Lorenzo Bruzzone (S’95–M’99–SM’03) received the “Laurea” (M.S.) degree in electronic engineering (summa cum laude) and the Ph.D. degree in telecommunications from the University of Genoa, Genoa, Italy, in 1993 and 1998, respectively. He is currently Head of the Remote Sensing Laboratory in the Department of Information and Communication Technology, University of Trento, Trento, Italy. He was a Postdoctoral Researcher (1998 to 2000) and then Assistant Professor and Associate Professor (2001 to 2005) at the at the University of Genoa. Since March 2005, he has been a Full Professor of telecommunications at the University of Trento, where he currently teaches remote sensing, pattern recognition and electrical communications. His current research interests are in the area of remote-sensing image processing and recognition (analysis of multitemporal data, feature selection, classification, regression, data fusion, and neural networks). He conducts and supervises research on these topics within the frameworks of several national and international projects. Since 1999, he has been appointed Evaluator of Project Proposal for the European Commission. He is the author (or coauthor) of more than 140 scientific publications, including journals, book chapters, and conference proceedings. Dr. Bruzzone ranked first in the Student Prize Paper Competition of the 1998 IEEE International Geoscience and Remote Sensing Symposium (Seattle, WA, July 1998). He was a recipient of the Recognition of IEEE TRANSACTIONS ON GEOSCIENCE AND REMOTE SENSING (TGARS) Best Reviewers in 1999 and a Guest Editor of a Special Issue of the IEEE TGARS on the subject of the analysis of multitemporal remote sensing images (November 2003). He was the General Chair and Co-Chair, respectively, of the First and Second IEEE International Workshop on the Analysis of Multi-temporal Remote-Sensing Images. Since 2003, he has been the Chair of the SPIE Conference on Image and Signal Processing for Remote Sensing. He is an Associate Editor of the IEEE TGARS. He is a referee for many international journals and has served on the Scientific Committees of several international conferences. He is a member of the Scientific Committee of the India-Italy Center for Advanced Research. He is a member of the International Association for Pattern Recognition (IAPR) and of the Italian Association for Remote Sensing (AIT).

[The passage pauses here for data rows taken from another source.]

theorem theorem14:
  fixes n r :: nat
  assumes "r \<ge> 1" and "n \<ge> 1"
  shows "(\<forall>k\<in>{1..r*n-1}.
            real (card {p \<in> paths n r. p \<noteq> [] \<and> hd p \<and> ups_above r p = k})
              = real (((r+1)*n-2) choose n) / real (r*n-1))
       \<and> (\<forall>k\<in>{1..n}.
            real (card {p \<in> paths n r. p \<noteq> [] \<and> \<not> hd p \<and> downs_above r p = k})
              = real (((r+1)*n-2) choose (n-1)) / real n)
       \<and> (\<forall>k\<in>{1..(r+1)*n-1}.
            real (card {p \<in> paths n r. verts_above r p = k})
              = real (((r+1)*n-1) choose n) / real ((r+1)*n-1))"
  using card_paths_up_first_ups_above card_paths_down_first_downs_above card_paths_verts_above assms
  by blast

end
(* A (symmetric, private, conditionally independent) information structure is given by the
   common signal rule: a Markov kernel from a player's own type to the signal space \<Sigma>. *)
definition info_structs :: "'b measure \<Rightarrow> (real \<Rightarrow> 'b measure) set" where
  "info_structs \<Sigma> = {K. K \<in> borel \<rightarrow>\<^sub>M prob_algebra \<Sigma>}"

definition joint :: "real measure \<Rightarrow> 'b measure \<Rightarrow> (real \<Rightarrow> 'b measure) \<Rightarrow> (real \<times> 'b) measure" where
  "joint F \<Sigma> K = F \<bind> (\<lambda>\<theta>. distr (K \<theta>) (borel \<Otimes>\<^sub>M \<Sigma>) (\<lambda>s. (\<theta>, s)))"

definition post_mean :: "real measure \<Rightarrow> 'b measure \<Rightarrow> (real \<Rightarrow> 'b measure) \<Rightarrow> real \<times> 'b \<Rightarrow> real" where
  "post_mean F \<Sigma> K = real_cond_exp (joint F \<Sigma> K) (vimage_algebra (space (joint F \<Sigma> K)) snd \<Sigma>) fst"

definition post_dist :: "real measure \<Rightarrow> 'b measure \<Rightarrow> (real \<Rightarrow> 'b measure) \<Rightarrow> real measure" where
  "post_dist F \<Sigma> K = distr (joint F \<Sigma> K) borel (post_mean F \<Sigma> K)"

definition post_var :: "real measure \<Rightarrow> 'b measure \<Rightarrow> (real \<Rightarrow> 'b measure) \<Rightarrow> real" where
  "post_var F \<Sigma> K = dist_var (post_dist F \<Sigma> K)"

definition exp_effort ::
  "real \<Rightarrow> real \<Rightarrow> real \<Rightarrow> real measure \<Rightarrow> 'b measure \<Rightarrow> (real \<Rightarrow> 'b measure) \<Rightarrow> real" where
  "exp_effort a b c F \<Sigma> K = benchmark_effort a b c (post_dist F \<Sigma> K)"

definition no_disclosure :: "real \<Rightarrow> unit measure" where
  "no_disclosure = (\<lambda>\<theta>. return (count_space UNIV) ())"

definition full_disclosure :: "real \<Rightarrow> real measure" where
  "full_disclosure = (\<lambda>\<theta>. return borel \<theta>)"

Palma Blonda (M’93) received the doctoral degree in physics from the University of Bari, Bari, Italy, in 1980. In 1984, she joined the Institute For Signal and Image Processing (IESI), Italian National Research Council (CNR), Bari. Her research interests include digital image processing, fuzzy logic and neural networks, soft computing applied to the integration, and classification of multi-source remote sensed data. She was recently involved in the project “Landslide Early Warning Integrated System (LEWIS),” EVG1-CT-2001-00055, founded by the European Comunity in the framework of Fifth PQ. In the project, her research activity focuses on the application of multisource data integration and classification techniques for the extraction of EO-detectable superficial changes of some landslide related factors to be used in early warning mapping.